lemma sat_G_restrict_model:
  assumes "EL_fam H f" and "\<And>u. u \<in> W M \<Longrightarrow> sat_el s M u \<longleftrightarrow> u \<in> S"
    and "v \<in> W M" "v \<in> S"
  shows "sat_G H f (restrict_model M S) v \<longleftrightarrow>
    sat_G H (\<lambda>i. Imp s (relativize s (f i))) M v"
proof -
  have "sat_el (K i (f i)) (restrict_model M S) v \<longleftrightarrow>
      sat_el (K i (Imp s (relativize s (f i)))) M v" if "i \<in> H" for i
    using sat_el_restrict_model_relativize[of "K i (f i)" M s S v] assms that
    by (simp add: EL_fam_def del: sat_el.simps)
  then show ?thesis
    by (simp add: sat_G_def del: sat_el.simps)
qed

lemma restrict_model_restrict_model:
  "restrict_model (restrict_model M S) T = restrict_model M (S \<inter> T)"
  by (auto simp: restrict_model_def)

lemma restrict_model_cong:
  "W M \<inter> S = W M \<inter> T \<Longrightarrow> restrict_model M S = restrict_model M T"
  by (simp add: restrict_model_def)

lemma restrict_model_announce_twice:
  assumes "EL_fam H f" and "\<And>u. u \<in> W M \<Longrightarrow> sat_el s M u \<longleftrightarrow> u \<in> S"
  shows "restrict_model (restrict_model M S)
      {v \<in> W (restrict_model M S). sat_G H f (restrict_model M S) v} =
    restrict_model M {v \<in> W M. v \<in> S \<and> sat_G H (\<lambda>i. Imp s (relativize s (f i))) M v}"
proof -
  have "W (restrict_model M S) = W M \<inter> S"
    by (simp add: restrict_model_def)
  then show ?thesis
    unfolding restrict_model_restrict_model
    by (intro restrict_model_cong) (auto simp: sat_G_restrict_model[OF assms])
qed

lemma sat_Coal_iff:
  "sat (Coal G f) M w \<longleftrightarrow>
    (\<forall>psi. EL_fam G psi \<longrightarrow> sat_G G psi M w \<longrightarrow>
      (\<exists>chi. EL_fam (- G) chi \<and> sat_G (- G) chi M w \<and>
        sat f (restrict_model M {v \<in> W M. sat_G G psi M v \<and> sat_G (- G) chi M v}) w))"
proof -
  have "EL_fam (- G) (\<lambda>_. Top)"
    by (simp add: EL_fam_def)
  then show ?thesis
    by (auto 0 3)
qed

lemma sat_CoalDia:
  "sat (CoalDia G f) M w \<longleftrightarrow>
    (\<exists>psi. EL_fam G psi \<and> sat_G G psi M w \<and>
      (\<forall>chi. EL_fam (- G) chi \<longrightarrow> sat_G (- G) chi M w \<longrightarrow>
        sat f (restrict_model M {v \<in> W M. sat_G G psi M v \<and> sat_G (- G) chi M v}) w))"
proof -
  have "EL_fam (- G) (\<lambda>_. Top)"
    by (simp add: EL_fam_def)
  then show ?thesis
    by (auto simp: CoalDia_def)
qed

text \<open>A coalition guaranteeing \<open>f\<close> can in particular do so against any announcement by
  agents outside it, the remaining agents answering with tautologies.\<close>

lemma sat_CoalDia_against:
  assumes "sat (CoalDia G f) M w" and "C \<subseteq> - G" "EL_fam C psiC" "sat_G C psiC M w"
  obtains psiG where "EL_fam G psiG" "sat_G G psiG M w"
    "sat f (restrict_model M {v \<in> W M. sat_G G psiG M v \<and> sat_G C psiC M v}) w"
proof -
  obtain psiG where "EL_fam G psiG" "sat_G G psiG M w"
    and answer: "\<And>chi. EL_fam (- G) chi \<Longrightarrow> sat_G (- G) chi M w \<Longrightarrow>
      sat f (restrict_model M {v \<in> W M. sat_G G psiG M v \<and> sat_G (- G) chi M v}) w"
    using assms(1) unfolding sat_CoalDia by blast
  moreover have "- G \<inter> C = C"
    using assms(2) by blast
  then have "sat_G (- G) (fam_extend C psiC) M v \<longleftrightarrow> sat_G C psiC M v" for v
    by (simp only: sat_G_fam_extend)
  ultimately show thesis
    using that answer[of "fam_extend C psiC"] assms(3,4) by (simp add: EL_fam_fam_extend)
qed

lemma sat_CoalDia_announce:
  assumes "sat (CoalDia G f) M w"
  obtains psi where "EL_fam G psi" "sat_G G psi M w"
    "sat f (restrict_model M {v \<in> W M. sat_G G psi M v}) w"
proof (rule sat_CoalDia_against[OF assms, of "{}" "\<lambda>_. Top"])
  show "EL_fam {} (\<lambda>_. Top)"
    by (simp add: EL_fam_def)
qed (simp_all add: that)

== == ==

• Problem to solve: Please copy out each entry exactly as it appears above.

• Task response:
lemma sat_G_restrict_model:
  assumes "EL_fam H f" and "\<And>u. u \<in> W M \<Longrightarrow> sat_el s M u \<longleftrightarrow> u \<in> S"
    and "v \<in> W M" "v \<in> S"
  shows "sat_G H f (restrict_model M S) v \<longleftrightarrow>
    sat_G H (\<lambda>i. Imp s (relativize s (f i))) M v"
proof -
  have "sat_el (K i (f i)) (restrict_model M S) v \<longleftrightarrow>
      sat_el (K i (Imp s (relativize s (f i)))) M v" if "i \<in> H" for i
    using sat_el_restrict_model_relativize[of "K i (f i)" M s S v] assms that
    by (simp add: EL_fam_def del: sat_el.simps)
  then show ?thesis
    by (simp add: sat_G_def del: sat_el.simps)
qed

lemma restrict_model_restrict_model:
  "restrict_model (restrict_model M S) T = restrict_model M (S \<inter> T)"
  by (auto simp: restrict_model_def)

lemma restrict_model_cong:
  "W M \<inter> S = W M \<inter> T \<Longrightarrow> restrict_model M S = restrict_model M T"
  by (simp add: restrict_model_def)

lemma restrict_model_announce_twice:
  assumes "EL_fam H f" and "\<And>u. u \<in> W M \<Longrightarrow> sat_el s M u \<longleftrightarrow> u \<in> S"
  shows "restrict_model (restrict_model M S)
      {v \<in> W (restrict_model M S). sat_G H f (restrict_model M S) v} =
    restrict_model M {v \<in> W M. v \<in> S \<and> sat_G H (\<lambda>i. Imp s (relativize s (f i))) M v}"
proof -
  have "W (restrict_model M S) = W M \<inter> S"
    by (simp add: restrict_model_def)
  then show ?thesis
    unfolding restrict_model_restrict_model
    by (intro restrict_model_cong) (auto simp: sat_G_restrict_model[OF assms])
qed

lemma sat_Coal_iff:
  "sat (Coal G f) M w \<longleftrightarrow>
    (\<forall>psi. EL_fam G psi \<longrightarrow> sat_G G psi M w \<longrightarrow>
      (\<exists>chi. EL_fam (- G) chi \<and> sat_G (- G) chi M w \<and>
        sat f (restrict_model M {v \<in> W M. sat_G G psi M v \<and> sat_G (- G) chi M v}) w))"
proof -
  have "EL_fam (- G) (\<lambda>_. Top)"
    by (simp add: EL_fam_def)
  then show ?thesis
    by (auto 0 3)
qed

lemma sat_CoalDia:
  "sat (CoalDia G f) M w \<longleftrightarrow>
    (\<exists>psi. EL_fam G psi \<and> sat_G G psi M w \<and>
      (\<forall>chi. EL_fam (- G) chi \<longrightarrow> sat_G (- G) chi M w \<longrightarrow>
        sat f (restrict_model M {v \<in> W M. sat_G G psi M v \<and> sat_G (- G) chi M v}) w))"
proof -
  have "EL_fam (- G) (\<lambda>_. Top)"
    by (simp add: EL_fam_def)
  then show ?thesis
    by (auto simp: CoalDia_def)
qed

text \<open>A coalition guaranteeing \<open>f\<close> can in particular do so against any announcement by
  agents outside it, the remaining agents answering with tautologies.\<close>

lemma sat_CoalDia_against:
  assumes "sat (CoalDia G f) M w" and "C \<subseteq> - G" "EL_fam C psiC" "sat_G C psiC M w"
  obtains psiG where "EL_fam G psiG" "sat_G G psiG M w"
    "sat f (restrict_model M {v \<in> W M. sat_G G psiG M v \<and> sat_G C psiC M v}) w"
proof -
  obtain psiG where "EL_fam G psiG" "sat_G G psiG M w"
    and answer: "\<And>chi. EL_fam (- G) chi \<Longrightarrow> sat_G (- G) chi M w \<Longrightarrow>
      sat f (restrict_model M {v \<in> W M. sat_G G psiG M v \<and> sat_G (- G) chi M v}) w"
    using assms(1) unfolding sat_CoalDia by blast
  moreover have "- G \<inter> C = C"
    using assms(2) by blast
  then have "sat_G (- G) (fam_extend C psiC) M v \<longleftrightarrow> sat_G C psiC M v" for v
    by (simp only: sat_G_fam_extend)
  ultimately show thesis
    using that answer[of "fam_extend C psiC"] assms(3,4) by (simp add: EL_fam_fam_extend)
qed

lemma sat_CoalDia_announce:
  assumes "sat (CoalDia G f) M w"
  obtains psi where "EL_fam G psi" "sat_G G psi M w"
    "sat f (restrict_model M {v \<in> W M. sat_G G psi M v}) w"
proof (rule sat_CoalDia_against[OF assms, of "{}" "\<lambda>_. Top"])
  show "EL_fam {} (\<lambda>_. Top)"
    by (simp add: EL_fam_def)
qed (simp_all add: that)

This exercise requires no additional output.